4.5. Gene Cloning, Vector Construction and Transcriptional Activation Analysis in Yeast Cells

To further evaluation of transactivation activity of 12 BaAP2/ERF genes, we cloned these 12 genes into the pMD18-T clone vector. After sequence analysis, the PCR products of these genes were cloned separately into the pGBKT7 vector using the in-fusion PCR cloning system (Clontech, Mountain View, CA, USA). Positive plasmids containing different BaAP2/ERF genes were transformed into the Y2H yeast strain (Clontech, Mountain View, CA, USA).

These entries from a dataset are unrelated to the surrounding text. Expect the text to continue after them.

(* Let $M\ge 2$ and let $T$ be a positive even integer. For $k=0,1,\dots,T/2$ put $\omega_k=2\pi k/T$. Let $A_{ijk}\ge 0$ and $\phi_{ijk}\in\mathbb{R}$ be given for $1\le i,j\le M$, $0\le k\le T/2$. For $\boldsymbol{\tau}=(\tau_1,\dots,\tau_M)\in\mathbb{R}^M$ write $\tau_{ij}=\tau_j-\tau_i$, and define $$\mathcal{J}(\boldsymbol{\tau})=\frac{1}{T}\sum_{k=0}^{T/2}\sum_{i=1}^{M}\sum_{j=1}^{M}A_{ijk}\cos(\omega_k\tau_{ij}+\phi_{ijk}).$$ For auxiliary variables $\boldsymbol{\theta}=(\theta_{ijk})$ with $\theta_{ijk}\in[-\pi,\pi]$, define $$Q(\boldsymbol{\tau},\boldsymbol{\theta})=\frac{1}{T}\sum_{k=0}^{T/2}\sum_{i=1}^{M}\sum_{j=1}^{M}\Big\{-B_{ijk}\big(\omega_k\tau_{ij}+\phi_{ijk}+2\nu_{ijk}\pi\big)^2+A_{ijk}\big(\cos\theta_{ijk}+\tfrac12\theta_{ijk}\sin\theta_{ijk}\big)\Big\},\qquad B_{ijk}=\frac{A_{ijk}}{2}\frac{\sin\theta_{ijk}}{\theta_{ijk}},$$ where $\sin\theta/\theta$ is interpreted as $1$ at $\theta=0$, and where, for the given $\boldsymbol{\tau}$, $\nu_{ijk}\in\mathbb{Z}$ is chosen such that $|\omega_k\tau_{ij}+\phi_{ijk}+2\nu_{ijk}\pi|\le\pi$. Then $Q$ is an auxiliary function for $\mathcal{J}$: $\mathcal{J}(\boldsymbol{\tau})\ge Q(\boldsymbol{\tau},\boldsymbol{\theta})$ for every $\boldsymbol{\tau}\in\mathbb{R}^M$ and every such $\boldsymbol{\theta}$, and $Q(\boldsymbol{\tau},\boldsymbol{\theta})=\mathcal{J}(\boldsymbol{\tau})$ holds when $\theta_{ijk}=\omega_k\tau_{ij}+\phi_{ijk}+2\nu_{ijk}\pi$ for all $i,j,k$.
   Context: This arises in time-delay estimation: $\tau_i$ are time delays (relative to a reference sensor) at $M$ sensors, and in the paper $A_{ijk}=\beta_k a_{ik}a_{jk}|V_{ijk}|$, $\phi_{ijk}=\angle V_{ijk}$, where $V_{ijk}$ are entries of the Hermitian spatial covariance matrix of the observations at frequency $k$, $a_{ik}\ge 0$ are relative amplitudes, and $\beta_0=\beta_{T/2}=1$, $\beta_k=2$ otherwise; $\mathcal{J}$ is then (up to a positive constant factor for fixed amplitudes) the multichannel cross-correlation objective. Only $A_{ijk}\ge0$ is needed for the statement. *)

theory Defs
  imports Complex_Main
begin

definition omega :: "nat \<Rightarrow> nat \<Rightarrow> real" where
  "omega T k = 2 * pi * real k / real T"

definition sinc :: "real \<Rightarrow> real" where
  "sinc \<theta> = (if \<theta> = 0 then 1 else sin \<theta> / \<theta>)"

definition Jobj :: "nat \<Rightarrow> nat \<Rightarrow> (nat \<Rightarrow> nat \<Rightarrow> nat \<Rightarrow> real) \<Rightarrow>
    (nat \<Rightarrow> nat \<Rightarrow> nat \<Rightarrow> real) \<Rightarrow> (nat \<Rightarrow> real) \<Rightarrow> real" where
  "Jobj M T A \<phi> \<tau> = (1 / real T) *
     (\<Sum>k\<in>{0..T div 2}. \<Sum>i\<in>{1..M}. \<Sum>j\<in>{1..M}.
        A i j k * cos (omega T k * (\<tau> j - \<tau> i) + \<phi> i j k))"

definition Bcoef :: "real \<Rightarrow> real \<Rightarrow> real" where
  "Bcoef a \<theta> = a / 2 * sinc \<theta>"

definition Qaux :: "nat \<Rightarrow> nat \<Rightarrow> (nat \<Rightarrow> nat \<Rightarrow> nat \<Rightarrow> real) \<Rightarrow>
    (nat \<Rightarrow> nat \<Rightarrow> nat \<Rightarrow> real) \<Rightarrow> (nat \<Rightarrow> nat \<Rightarrow> nat \<Rightarrow> int) \<Rightarrow>
    (nat \<Rightarrow> real) \<Rightarrow> (nat \<Rightarrow> nat \<Rightarrow> nat \<Rightarrow> real) \<Rightarrow> real" where
  "Qaux M T A \<phi> \<nu> \<tau> \<theta> = (1 / real T) *
     (\<Sum>k\<in>{0..T div 2}. \<Sum>i\<in>{1..M}. \<Sum>j\<in>{1..M}.
        - Bcoef (A i j k) (\<theta> i j k) *
            (omega T k * (\<tau> j - \<tau> i) + \<phi> i j k + 2 * real_of_int (\<nu> i j k) * pi)\<^sup>2
        + A i j k * (cos (\<theta> i j k) + 1/2 * \<theta> i j k * sin (\<theta> i j k)))"

end

theory Submission
  imports Defs
begin

text \<open>For \<open>|\<theta>| \<le> pi\<close> the even parabola
  \<open>x \<mapsto> cos \<theta> + \<theta> sin \<theta> / 2 - sinc \<theta> / 2 * x\<^sup>2\<close> touches \<open>cos\<close> at \<open>x = \<plusminus>\<theta>\<close> and lies below
  it on \<open>[-pi, pi]\<close>: the derivative of \<open>cos x + sinc \<theta> / 2 * x\<^sup>2\<close> is \<open>x (sinc \<theta> - sinc x)\<close>,
  and \<open>sinc\<close> is decreasing on \<open>[0, pi]\<close>, so this function is minimal at \<open>|x| = |\<theta>|\<close>.
  Each summand of \<open>Q\<close> is such a parabola evaluated at the wrapped phase, weighted by
  \<open>A \<ge> 0\<close>, and the shift by \<open>2 \<nu> pi\<close> does not change the cosine in \<open>J\<close>.\<close>

lemma sin_eq_mult_sinc: "sin t = t * sinc t"
  by (simp add: sinc_def)

lemma mult_sin_eq_sinc_mult_sq: "t * sin t = sinc t * t\<^sup>2"
  by (simp add: sin_eq_mult_sinc power2_eq_square)

lemma sinc_minus [simp]: "sinc (- t) = sinc t"
  by (simp add: sinc_def)

lemma sinc_abs [simp]: "sinc \<bar>t\<bar> = sinc t"
  by (simp add: abs_if)

lemma mult_cos_le_sin:
  fixes y :: real assumes "0 \<le> y" "y \<le> pi" shows "y * cos y \<le> sin y"
proof -
  let ?f = "\<lambda>t. sin t - t * cos t"
  have "?f 0 \<le> ?f y"
  proof (rule DERIV_nonneg_imp_increasing_open[OF assms(1)])
    fix x :: real assume x: "0 < x" "x < y"
    have "(?f has_real_derivative x * sin x) (at x)"
      by (auto intro!: derivative_eq_intros)
    moreover have "x * sin x \<ge> 0"
      using x assms sin_ge_zero[of x] by simp
    ultimately show "\<exists>d. (?f has_real_derivative d) (at x) \<and> d \<ge> 0" by blast
  qed (intro continuous_intros)
  then show ?thesis by simp
qed

lemma sinc_antimono:
  fixes y z :: real assumes "0 \<le> y" "y \<le> z" "z \<le> pi"
  shows "sinc z \<le> sinc y"
proof (cases "y = 0")
  case True
  then show ?thesis
    using sin_x_le_x[of z] assms by (cases "z = 0") (auto simp: sinc_def)
next
  case False
  then have "y > 0" using assms(1) by simp
  have "sin z / z \<le> sin y / y"
  proof (rule DERIV_nonpos_imp_decreasing_open[OF assms(2), where f = "\<lambda>t. sin t / t"])
    fix x :: real assume x: "y < x" "x < z"
    have "((\<lambda>t. sin t / t) has_real_derivative (x * cos x - sin x) / x\<^sup>2) (at x)"
      using x \<open>y > 0\<close> by (auto intro!: derivative_eq_intros simp: power2_eq_square)
    moreover have "(x * cos x - sin x) / x\<^sup>2 \<le> 0"
      using mult_cos_le_sin[of x] x \<open>y > 0\<close> assms by (intro divide_nonpos_nonneg) auto
    ultimately show "\<exists>d. ((\<lambda>t. sin t / t) has_real_derivative d) (at x) \<and> d \<le> 0" by blast
  next
    show "continuous_on {y..z} (\<lambda>t. sin t / t)"
      using \<open>y > 0\<close> by (intro continuous_intros) auto
  qed
  then show ?thesis using \<open>y > 0\<close> assms by (simp add: sinc_def)
qed

lemma cos_add_sinc_parabola_min_nonneg:
  fixes x b :: real assumes "0 \<le> x" "x \<le> pi" "0 \<le> b" "b \<le> pi"
  shows "cos b + sinc b / 2 * b\<^sup>2 \<le> cos x + sinc b / 2 * x\<^sup>2"
proof -
  define h where "h t = cos t + sinc b / 2 * t\<^sup>2" for t
  have h_deriv: "(h has_real_derivative t * (sinc b - sinc t)) (at t)" for t
  proof -
    have "(h has_real_derivative sinc b * t - sin t) (at t)"
      unfolding h_def by (auto intro!: derivative_eq_intros simp: power2_eq_square)
    then show ?thesis by (simp add: sin_eq_mult_sinc algebra_simps)
  qed
  have h_cont: "continuous_on S h" for S
    unfolding h_def by (intro continuous_intros)
  have "h b \<le> h x"
  proof (cases "x \<le> b")
    case True
    show ?thesis
    proof (rule DERIV_nonpos_imp_decreasing_open[OF True])
      fix t assume t: "x < t" "t < b"
      then have "t * (sinc b - sinc t) \<le> 0"
        using sinc_antimono[of t b] assms by (intro mult_nonneg_nonpos) auto
      then show "\<exists>d. (h has_real_derivative d) (at t) \<and> d \<le> 0" using h_deriv by blast
    qed (rule h_cont)
  next
    case False
    show ?thesis
    proof (rule DERIV_nonneg_imp_increasing_open[of b x h])
      fix t assume t: "b < t" "t < x"
      then have "t * (sinc b - sinc t) \<ge> 0"
        using sinc_antimono[of b t] assms by (intro mult_nonneg_nonneg) auto
      then show "\<exists>d. (h has_real_derivative d) (at t) \<and> d \<ge> 0" using h_deriv by blast
    qed (use False h_cont in auto)
  qed
  then show ?thesis by (simp add: h_def)
qed

lemma cos_add_sinc_parabola_min:
  fixes x b :: real assumes "\<bar>x\<bar> \<le> pi" "\<bar>b\<bar> \<le> pi"
  shows "cos b + sinc b / 2 * b\<^sup>2 \<le> cos x + sinc b / 2 * x\<^sup>2"
  using cos_add_sinc_parabola_min_nonneg[of "\<bar>x\<bar>" "\<bar>b\<bar>"] assms by simp

lemma cos_add_int_mult_2pi: "cos (y + 2 * real_of_int n * pi) = cos y"
  using cos_int_2pin[of n] sin_int_2pin[of n]
  by (simp add: cos_add mult.commute mult.left_commute)

lemma Qaux_summand_le:
  fixes a y \<theta> :: real and n :: int
  assumes "a \<ge> 0" "\<theta> \<in> {-pi..pi}" "\<bar>y + 2 * real_of_int n * pi\<bar> \<le> pi"
  shows "- Bcoef a \<theta> * (y + 2 * real_of_int n * pi)\<^sup>2 + a * (cos \<theta> + 1/2 * \<theta> * sin \<theta>)
    \<le> a * cos y"
proof -
  let ?x = "y + 2 * real_of_int n * pi"
  have "\<bar>\<theta>\<bar> \<le> pi"
    using assms(2) by auto
  moreover have "\<theta> * sin \<theta> = sinc \<theta> * \<theta>\<^sup>2"
    by (rule mult_sin_eq_sinc_mult_sq)
  ultimately have "cos \<theta> + 1/2 * \<theta> * sin \<theta> - sinc \<theta> / 2 * ?x\<^sup>2 \<le> cos ?x"
    using cos_add_sinc_parabola_min[OF assms(3), of \<theta>] by simp
  then have "a * (cos \<theta> + 1/2 * \<theta> * sin \<theta> - sinc \<theta> / 2 * ?x\<^sup>2) \<le> a * cos y"
    using assms(1) by (simp only: cos_add_int_mult_2pi mult_left_mono)
  then show ?thesis by (simp add: Bcoef_def algebra_simps)
qed

lemma Qaux_summand_eq:
  fixes a y \<theta> :: real and n :: int
  assumes "\<theta> = y + 2 * real_of_int n * pi"
  shows "- Bcoef a \<theta> * (y + 2 * real_of_int n * pi)\<^sup>2 + a * (cos \<theta> + 1/2 * \<theta> * sin \<theta>)
    = a * cos y"
proof -
  have "\<theta> * sin \<theta> = sinc \<theta> * \<theta>\<^sup>2"
    by (rule mult_sin_eq_sinc_mult_sq)
  moreover have "cos \<theta> = cos y"
    unfolding assms by (rule cos_add_int_mult_2pi)
  ultimately show ?thesis
    unfolding assms[symmetric] by (simp add: Bcoef_def algebra_simps)
qed

theorem theorem2:
  fixes M T :: nat
    and A \<phi> \<theta> :: "nat \<Rightarrow> nat \<Rightarrow> nat \<Rightarrow> real"
    and \<nu> :: "nat \<Rightarrow> nat \<Rightarrow> nat \<Rightarrow> int"
    and \<tau> :: "nat \<Rightarrow> real"
  assumes "M \<ge> 2" and "T > 0" and "even T"
    and "\<And>i j k. i \<in> {1..M} \<Longrightarrow> j \<in> {1..M} \<Longrightarrow> k \<in> {0..T div 2} \<Longrightarrow> A i j k \<ge> 0"
    and "\<And>i j k. i \<in> {1..M} \<Longrightarrow> j \<in> {1..M} \<Longrightarrow> k \<in> {0..T div 2} \<Longrightarrow>
           \<theta> i j k \<in> {-pi..pi}"
    and "\<And>i j k. i \<in> {1..M} \<Longrightarrow> j \<in> {1..M} \<Longrightarrow> k \<in> {0..T div 2} \<Longrightarrow>
           \<bar>omega T k * (\<tau> j - \<tau> i) + \<phi> i j k + 2 * real_of_int (\<nu> i j k) * pi\<bar> \<le> pi"
  shows "Jobj M T A \<phi> \<tau> \<ge> Qaux M T A \<phi> \<nu> \<tau> \<theta> \<and>
      ((\<forall>i\<in>{1..M}. \<forall>j\<in>{1..M}. \<forall>k\<in>{0..T div 2}.
            \<theta> i j k = omega T k * (\<tau> j - \<tau> i) + \<phi> i j k + 2 * real_of_int (\<nu> i j k) * pi)
         \<longrightarrow> Qaux M T A \<phi> \<nu> \<tau> \<theta> = Jobj M T A \<phi> \<tau>)"
proof (intro conjI impI)
  show "Qaux M T A \<phi> \<nu> \<tau> \<theta> \<le> Jobj M T A \<phi> \<tau>"
    unfolding Jobj_def Qaux_def
    by (intro mult_left_mono sum_mono Qaux_summand_le) (use assms(4-6) in auto)
next
  assume "\<forall>i\<in>{1..M}. \<forall>j\<in>{1..M}. \<forall>k\<in>{0..T div 2}.
    \<theta> i j k = omega T k * (\<tau> j - \<tau> i) + \<phi> i j k + 2 * real_of_int (\<nu> i j k) * pi"
  then show "Qaux M T A \<phi> \<nu> \<tau> \<theta> = Jobj M T A \<phi> \<tau>"
    unfolding Jobj_def Qaux_def by (intro arg_cong[where f = "(*) _"] sum.cong refl Qaux_summand_eq) auto
qed

end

All primers used for cloning and vector construction are listed in Tables S3 and S4. The cell concentration of yeast positive transformants were adjusted to an OD600 of 2.0, the yeast cells were then diluted serially (1, 10⁻¹, 10⁻², 10⁻³, and 10⁻⁴) and dropped with 2 μL on synthetic dropout (SD) medium without tryptophan (SD/−Trp), without tryptophan and histidine (SD/−Trp−His), and with SD/−Trp−His plates containing x-α-gal with the final concentration of 40 mg/L (SD/−Trp−His+x-α-gal). Yeast cells expressing the empty vector pGBKT7 was used as negative control. The plates were incubated at 30 °C for 2–4 days before photographing. Adobe Illustrator CS5 was used for image processing.